Spotify, for its part, has done a great deal of math separating a song into its individual instrument layers, breaking down its rhythm and structure. In November, the music service published research proposing a new personalized recommendation model called MUSIG that learns “meaningful representations of tracks and users” based on individual features of songs (like genre, acoustics, danceability, the wordiness of lyrics) and how they relate to one another (like if they appear on the same playlist).
Keeping up with the users
However, it’s not enough to just find out what users like at the moment. Our music tastes change over time, and Spotify has to feed users new tunes they like to keep them coming back.
This includes recommending a mix of content that is popular or similar to music that the person has previously listened to along with exploratory content that is more eclectic and unaligned with the user’s usual engagement.
“Maybe you joined Spotify for dance music, but can we help you focus while studying. By balancing these polarities, can we help you get a more fulfilling content diet,” Stål said in the video presentation. “We have to think about your wants, things that will keep you in your comfort zone, and your needs, so things that may enhance your listening down the line but may not be exactly what you expect right now.”

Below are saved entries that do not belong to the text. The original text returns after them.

lemma linear_rec_periodic_cos:
  fixes x :: "nat \<Rightarrow> real"
  assumes "n > 0" "c\<^sup>2 \<noteq> 1" and rec: "\<And>i. x (i + 2) = 2 * c * x (i + 1) - x i"
    and per: "\<And>i. x (i + n) = x i" and nonzero: "x 0 \<noteq> 0 \<or> x 1 \<noteq> 0"
  shows "\<exists>k<n. c = cos (2 * pi * k / n)"
proof -
  define s where "s = csqrt (of_real (c\<^sup>2 - 1))"
  define l where "l = of_real c + s"
  define m where "m = of_real c - s"
  have "of_real (c\<^sup>2 - 1) \<noteq> (0 :: complex)"
    using \<open>c\<^sup>2 \<noteq> 1\<close> by (metis of_real_eq_0_iff right_minus_eq)
  then have "s \<noteq> 0"
    by (simp only: s_def csqrt_eq_0 not_False_eq_True)
  then have "l \<noteq> m"
    by (simp add: l_def m_def)
  have "s\<^sup>2 = of_real (c\<^sup>2 - 1)"
    by (simp add: s_def)
  have "l * m = (of_real c)\<^sup>2 - s\<^sup>2"
    by (simp add: l_def m_def power2_eq_square algebra_simps)
  also have "\<dots> = 1"
    using \<open>s\<^sup>2 = of_real (c\<^sup>2 - 1)\<close> by simp
  finally have lm: "l * m = 1" .
  have "l + m = 2 * of_real c"
    by (simp add: l_def m_def)
  then have "of_real (x (i + 2)) = (l + m) * of_real (x (i + 1)) - l * m * of_real (x i)" for i
    using rec[of i] by (simp add: lm)
  then have "l ^ n = 1 \<or> m ^ n = 1"
    by (rule linear_rec_periodic_root_of_unity[OF \<open>l \<noteq> m\<close>]) (use per nonzero in simp_all)
  moreover have "inverse l = m" "inverse m = l"
    using lm by (simp_all add: inverse_unique mult.commute)
  ultimately obtain z :: complex where "z ^ n = 1" "z + inverse z = 2 * of_real c"
    using \<open>l + m = 2 * of_real c\<close> by (metis add.commute)
  from \<open>z ^ n = 1\<close> obtain k where "k < n" "z = cis (2 * pi * k / n)"
    using bij_betw_roots_unity[OF \<open>n > 0\<close>] unfolding bij_betw_def by auto
  have "Re (z + inverse z) = 2 * cos (2 * pi * k / n)"
    using \<open>z = cis (2 * pi * k / n)\<close> by simp
  moreover have "Re (z + inverse z) = 2 * c"
    using \<open>z + inverse z = 2 * of_real c\<close> by simp
  ultimately show ?thesis
    using \<open>k < n\<close> by auto
qed

lemma linear_rec_minus_one_periodic:
  fixes x :: "nat \<Rightarrow> real"
  assumes "n > 0" and rec: "\<And>i. x (i + 2) = - 2 * x (i + 1) - x i"
    and per: "\<And>i. x (i + n) = x i"
  shows "x i = (- 1) ^ i * x 0"
proof -
  define e where "e i = (- 1) ^ i * x i" for i
  have "e (i + 2) = 2 * e (i + 1) - e i" for i
  proof -
    have "e (i + 2) = (- 1) ^ i * (- 2 * x (i + 1) - x i)"
      unfolding e_def rec by simp
    also have "\<dots> = 2 * e (i + 1) - e i"
      by (simp add: e_def algebra_simps)
    finally show ?thesis .
  qed
  then have e_step: "e (i + 1) - e i = e 1 - e 0" for i
    by (induction i) (simp_all add: numeral_2_eq_2)
  have e_affine: "e i = e 0 + i * (e 1 - e 0)" for i
  proof (induction i)
    case (Suc i)
    have "real (Suc i) * (e 1 - e 0) = i * (e 1 - e 0) + (e 1 - e 0)"
      by (simp add: algebra_simps)
    with Suc e_step[of i] show ?case
      by simp
  qed simp
  have "x (0 + n + n) = x 0"
    by (simp only: per)
  then have "e (2 * n) = e 0"
    by (simp add: e_def power_mult mult_2)
  with e_affine[of "2 * n"] \<open>n > 0\<close> have "e 1 = e 0"
    by simp
  with e_affine[of i] have "(- 1) ^ i * x i = x 0"
    by (simp add: e_def)
  moreover have "(- 1) ^ i * (- 1) ^ i = (1 :: real)"
    by (simp flip: power_mult_distrib)
  ultimately show ?thesis
    by (metis mult.assoc mult_1)
qed

lemma cos_two_pi_fraction_reduce:
  fixes k n :: nat
  assumes "k < n" "c = cos (2 * pi * k / n)" "c \<noteq> 1" "c \<noteq> - 1"
  shows "\<exists>m. 0 < m \<and> 2 * m < n \<and> c = cos (2 * pi * m / n)"
proof -
  have "k \<noteq> 0"
  proof
    assume "k = 0"
    with assms(2,3) show False
      by simp
  qed
  have "2 * k \<noteq> n"
  proof
    assume "2 * k = n"
    then have "2 * pi * k / n = pi"
      using \<open>k \<noteq> 0\<close> by (simp flip: \<open>2 * k = n\<close>)
    with assms(2,4) show False
      by simp
  qed
  show ?thesis
  proof (cases "2 * k < n")
    case True
    with \<open>k \<noteq> 0\<close> assms(2) show ?thesis
      by (intro exI[of _ k]) simp
  next
    case False
    have "2 * pi * real (n - k) / n = 2 * pi - 2 * pi * k / n"
      using assms(1) by (simp add: field_simps)
    then have "cos (2 * pi * real (n - k) / n) = c"
      by (simp add: assms(2))
    moreover have "0 < n - k" "2 * (n - k) < n"
      using False \<open>2 * k \<noteq> n\<close> assms(1) by auto
    ultimately show ?thesis
      by metis
  qed
qed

This type of formula “can facilitate exploration by helping users discover new content or inculcate new tastes,” Spotify researchers wrote in a post in March. “It can help the platform spread consumption across artists and facilitate consumption of less popular content.”

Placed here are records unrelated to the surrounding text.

lemma limsup_ratio_le_one:
  fixes p :: "nat \<Rightarrow> real" and D e :: real
  assumes "D > 0" "e \<ge> 0" and p: "\<And>n. 1 \<le> n \<Longrightarrow> p n \<le> D * ln (real (n + j)) / real (n + j) powr e"
  shows "limsup (\<lambda>n. ereal (p n / (2 * D * ln (real n) / real n powr e))) \<le> 1"
proof (rule Limsup_bounded, unfold eventually_sequentially, intro exI allI impI)
  fix n assume "max j 2 \<le> n"
  then have n: "2 \<le> n" "j \<le> n" by auto
  have den: "0 < 2 * D * ln (real n) / real n powr e" using n \<open>D > 0\<close> by simp
  have "p n \<le> D * ln (real (n + j)) / real (n + j) powr e" using p n by simp
  also have "\<dots> \<le> D * (2 * ln (real n)) / real n powr e"
    using ln_add_le_twice_ln[OF n] n assms
    by (intro frac_le mult_left_mono powr_mono2) auto
  finally have "p n / (2 * D * ln (real n) / real n powr e) \<le> 1"
    using den by (simp only: divide_le_eq_1_pos mult.assoc mult.left_commute)
  then show "ereal (p n / (2 * D * ln (real n) / real n powr e)) \<le> 1" by simp
qed

lemma ln_div_powr_le_geometric:
  fixes \<alpha> \<gamma> :: real
  assumes "\<alpha> > 0" "\<gamma> > 1"
  shows "ln (real (Suc n + (j + 2))) / real (Suc n + (j + 2)) powr (\<gamma> + \<alpha> * real j)
    \<le> 2 / (\<gamma> - 1) * real (Suc n) powr (- ((\<gamma> + 1) / 2)) * (2 powr - \<alpha>) ^ j"
proof -
  define m where "m = real (Suc n + (j + 2))"
  \<comment> \<open>\<open>ln m \<le> m^\<delta> / \<delta>\<close> absorbs the logarithm into half of the spare exponent \<open>\<gamma> - 1\<close>.\<close>
  define \<delta> where "\<delta> = (\<gamma> - 1) / 2"
  have "m \<ge> 2" "real (Suc n) \<le> m" "\<delta> > 0" using assms by (auto simp: m_def \<delta>_def)
  have "ln m / m powr (\<gamma> + \<alpha> * real j) \<le> (m powr \<delta> / \<delta>) / m powr (\<gamma> + \<alpha> * real j)"
    using \<open>m \<ge> 2\<close> \<open>\<delta> > 0\<close> by (intro divide_right_mono ln_le_powr_div) auto
  also have "\<dots> = 1 / \<delta> * m powr (- (1 + \<delta>)) * m powr (- \<alpha> * real j)"
  proof -
    have e: "\<delta> - (\<gamma> + \<alpha> * real j) = - (1 + \<delta>) + - \<alpha> * real j" by (simp add: \<delta>_def field_simps)
    have "m powr \<delta> / m powr (\<gamma> + \<alpha> * real j) = m powr (\<delta> - (\<gamma> + \<alpha> * real j))"
      by (rule powr_diff[symmetric])
    also have "\<dots> = m powr (- (1 + \<delta>)) * m powr (- \<alpha> * real j)"
      unfolding e by (rule powr_add)
    finally show ?thesis
      by (metis divide_divide_eq_left divide_divide_eq_left' mult.assoc times_divide_eq_left mult_1)
  qed
  also have "\<dots> \<le> 1 / \<delta> * real (Suc n) powr (- (1 + \<delta>)) * 2 powr (- \<alpha> * real j)"
    using \<open>m \<ge> 2\<close> \<open>real (Suc n) \<le> m\<close> \<open>\<delta> > 0\<close> \<open>\<alpha> > 0\<close>
    by (intro mult_mono mult_left_mono powr_mono2') auto
  also have "\<dots> = 2 / (\<gamma> - 1) * real (Suc n) powr (- ((\<gamma> + 1) / 2)) * (2 powr - \<alpha>) ^ j"
  proof -
    have "2 powr (- \<alpha> * real j) = (2 powr - \<alpha>) ^ j"
      by (simp add: powr_realpow[symmetric] powr_powr)
    moreover have "1 / \<delta> = 2 / (\<gamma> - 1)" "- (1 + \<delta>) = - ((\<gamma> + 1) / 2)"
      by (simp_all add: \<delta>_def field_simps)
    ultimately show ?thesis by (simp only:)
  qed
  finally show ?thesis unfolding m_def .
qed

lemma double_series_bound:
  fixes p :: "nat \<Rightarrow> nat \<Rightarrow> real" and D \<alpha> \<gamma> :: real
  assumes "D \<ge> 0" "\<alpha> > 0" "\<gamma> > 1"
    and p: "\<And>n j. p n j \<le> D * ln (real (Suc n + (j + 2))) / real (Suc n + (j + 2)) powr (\<gamma> + \<alpha> * real j)"
  obtains f where "\<And>n j. p n j \<le> f n j" "\<And>n. summable (f n)" "summable (\<lambda>n. \<Sum>j. f n j)"
proof
  define u where "u n = D * (2 / (\<gamma> - 1) * real (Suc n) powr (- ((\<gamma> + 1) / 2)))" for n
  define r :: real where "r = 2 powr - \<alpha>"
  have r: "0 < r" "r < 1" using \<open>\<alpha> > 0\<close> by (auto simp: r_def powr_less_one)
  show "p n j \<le> u n * r ^ j" for n j
    using p[of n j] mult_left_mono[OF ln_div_powr_le_geometric[OF \<open>\<alpha> > 0\<close> \<open>\<gamma> > 1\<close>, of n j] \<open>D \<ge> 0\<close>]
    by (simp add: u_def r_def mult.assoc)
  show "summable (\<lambda>j. u n * r ^ j)" for n
    using r by (intro summable_mult summable_geometric) simp
  have "summable (\<lambda>n. real n powr (- ((\<gamma> + 1) / 2)))"
    using \<open>\<gamma> > 1\<close> by (subst summable_real_powr_iff) simp
  then have "summable (\<lambda>n. real (Suc n) powr (- ((\<gamma> + 1) / 2)))"
    by (subst summable_Suc_iff)
  then have "summable (\<lambda>n. u n * (1 / (1 - r)))"
    unfolding u_def by (intro summable_mult2 summable_mult)
  then show "summable (\<lambda>n. \<Sum>j. u n * r ^ j)"
    using r by (simp add: suminf_mult suminf_geometric summable_geometric)
qed

lemma
  assumes "prob_space M" and E: "\<And>n j. E n j \<in> sets M"
    and le: "\<And>n j. measure M (E n j) \<le> f n j"
    and row: "\<And>n. summable (f n)" and total: "summable (\<lambda>n. \<Sum>j. f n j)"
  shows suminf_suminf_emeasure_finite: "(\<Sum>n. \<Sum>j. emeasure M (E n j)) < \<infinity>"
    and AE_eventually_notin: "AE x in M. \<exists>n0. \<forall>n\<ge>n0. \<forall>j. x \<notin> E n j"
proof -
  interpret prob_space M by fact
  have f0: "0 \<le> f n j" for n j using le[of n j] measure_nonneg[of M "E n j"] by linarith
  have row_le: "(\<Sum>j. emeasure M (E n j)) \<le> ennreal (\<Sum>j. f n j)" for n
  proof -
    have "(\<Sum>j. emeasure M (E n j)) \<le> (\<Sum>j. ennreal (f n j))"
      using le by (intro suminf_le) (auto simp: emeasure_eq_measure intro: ennreal_leI)
    also have "\<dots> = ennreal (\<Sum>j. f n j)" by (rule suminf_ennreal2[OF f0 row])
    finally show ?thesis .
  qed
  have "(\<Sum>n. \<Sum>j. emeasure M (E n j)) \<le> (\<Sum>n. ennreal (\<Sum>j. f n j))"
    using row_le by (intro suminf_le) auto
  also have "\<dots> = ennreal (\<Sum>n. \<Sum>j. f n j)"
    using f0 row total by (intro suminf_ennreal2 suminf_nonneg) auto
  finally show "(\<Sum>n. \<Sum>j. emeasure M (E n j)) < \<infinity>" by (simp add: le_less_trans)
  define F where "F n = (\<Union>j. E n j)" for n
  have F: "F n \<in> sets M" for n unfolding F_def using E by blast
  have "measure M (F n) \<le> (\<Sum>j. f n j)" for n
  proof -
    have "emeasure M (F n) \<le> (\<Sum>j. emeasure M (E n j))"
      unfolding F_def using E by (intro emeasure_subadditive_countably) auto
    then show ?thesis
      unfolding measure_def using row_le order.trans suminf_nonneg[OF row f0] by (metis enn2real_leI)
  qed
  then have "summable (\<lambda>n. measure M (F n))"
    by (intro summable_comparison_test'[OF total, of 0]) auto
  then have "AE x in M. eventually (\<lambda>n. x \<in> space M - F n) sequentially"
    using F by (intro borel_cantelli_AE1) (auto simp: emeasure_eq_measure)
  then show "AE x in M. \<exists>n0. \<forall>n\<ge>n0. \<forall>j. x \<notin> E n j"
    by (rule AE_mp, intro AE_I2 impI) (auto simp: F_def eventually_sequentially)
qed

lemma AE_no_cluster_edges_to_far_annuli:
  assumes "AE wt in rg_space N c. \<exists>n0. \<forall>n\<ge>n0. \<forall>j. wt \<notin> A_event N c K (Suc n) (j + 2)"
  shows "AE wt in rg_space N c. \<exists>n0. \<forall>n\<ge>n0. \<forall>j\<ge>2.
    \<forall>x \<in> cluster N (fst wt) (snd wt) (kseq K n) \<inter> annulus N (kseq K (n - 1)) (kseq K n).
    \<forall>y \<in> annulus N (kseq K (n + j)) (kseq K (n + j + 1)). \<not> adj (fst wt) x y"
  using assms
proof (rule AE_mp, intro AE_I2 impI)
  fix wt assume wt: "wt \<in> space (rg_space N c)"
  assume "\<exists>n0. \<forall>n\<ge>n0. \<forall>j. wt \<notin> A_event N c K (Suc n) (j + 2)"
  then obtain n0 where n0: "\<And>n j. n \<ge> n0 \<Longrightarrow> wt \<notin> A_event N c K (Suc n) (j + 2)" by blast
  show "\<exists>n0. \<forall>n\<ge>n0. \<forall>j\<ge>2.
    \<forall>x \<in> cluster N (fst wt) (snd wt) (kseq K n) \<inter> annulus N (kseq K (n - 1)) (kseq K n).
    \<forall>y \<in> annulus N (kseq K (n + j)) (kseq K (n + j + 1)). \<not> adj (fst wt) x y"
  proof (intro exI[of _ "Suc n0"] allI impI ballI notI)
    fix n j x y
    assume "Suc n0 \<le> n" "2 \<le> j"
      and "x \<in> cluster N (fst wt) (snd wt) (kseq K n) \<inter> annulus N (kseq K (n - 1)) (kseq K n)"
      and "y \<in> annulus N (kseq K (n + j)) (kseq K (n + j + 1))" and "adj (fst wt) x y"
    then have "\<exists>x \<in> cluster N (fst wt) (snd wt) (kseq K n).
        \<exists>y \<in> annulus N (kseq K (n + j)) (kseq K (n + j + 1)). adj (fst wt) x y" by blast
    then have "(fst wt, snd wt) \<in> A_event N c K n j"
      using wt unfolding A_event_def by (cases wt) simp
    moreover have "n0 \<le> n - 1" "Suc (n - 1) = n" "j - 2 + 2 = j"
      using \<open>Suc n0 \<le> n\<close> \<open>2 \<le> j\<close> by auto
    ultimately show False using n0[of "n - 1" "j - 2"] by simp
  qed
qed

locale intensity_profile =
  fixes N :: nat and K b C a :: real and c :: "nat \<Rightarrow> real"
  assumes N: "N \<ge> 2" and K: "K > 0"
    and b: "0 < b" "b < 2 * K - 1 / ln (real N)"
    and C: "C \<ge> 0" and a: "a > 0"
    and c_kseq: "\<forall>n\<ge>1. c (kseq K n) = C + a * ln (real n) * real N powr (b * ln (real n))"
    and c_between: "\<forall>n\<ge>1. \<forall>j. kseq K n < j \<and> j < kseq K (n + 1) \<longrightarrow>
             c (kseq K n) \<le> c j \<and> c j \<le> c (kseq K (n + 1))"
begin

definition amplitude :: real where
  "amplitude = real N * (C + 2 * 2 powr (b * ln (real N)) * a)"

lemma amplitude_pos: "amplitude > 0"
  using N C a unfolding amplitude_def by (intro mult_pos_pos add_nonneg_pos) auto

lemma ln_N_pos: "ln (real N) > 0"
  using N by simp

lemma decay_exponent_gt_one: "(2 * K - b) * ln (real N) > 1"
proof -
  have "b * ln (real N) < (2 * K - 1 / ln (real N)) * ln (real N)"
    by (rule mult_strict_right_mono[OF b(2) ln_N_pos])
  then show ?thesis using ln_N_pos by (simp add: algebra_simps)
qed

Of course, Spotify has its own financial reasons for wanting to diversify its users’ taste palette. Internal studies have shown that active users with more diverse listening habits were “25 percentage points more likely to convert from Free to Premium than those with less diversity in their music consumption.”
To stay ahead of our changing preferences, and keep their recommendations fresh, Spotify also needs to be able to understand how what we like can evolve over time. Earlier this year, researchers there built a model based on a dataset of 100,000 Spotify users who were continuously active from 2016 to 2020. They looked at the entire streaming history of every user, grouped their music into “micro-genres,” and mapped them across time. What they came up with was a connected graph that illustrated the transitions between different genres of music. As an example, their model suggested that to go from liking “EDM” to “nu jazz” or “gospel,” users were likely to pass through a phase of liking “tropical house,” which is chill but upbeat electronic music.
Using the paths laid out in this model, Spotify hopes that they can gradually acclimate users to different genres by journeying them through microgenres that lie in-between what they already like and what they don’t yet know.
Outside of music, Spotify’s decade of personalization research has already extended to podcasts. “It turns out that we can even predict what kinds of podcasts a listener might enjoy based on their taste in music,” Stål noted in a company blog post. But Spotify’s audio expansion plans don’t end there—it recently acquired the audiobook company Findaway.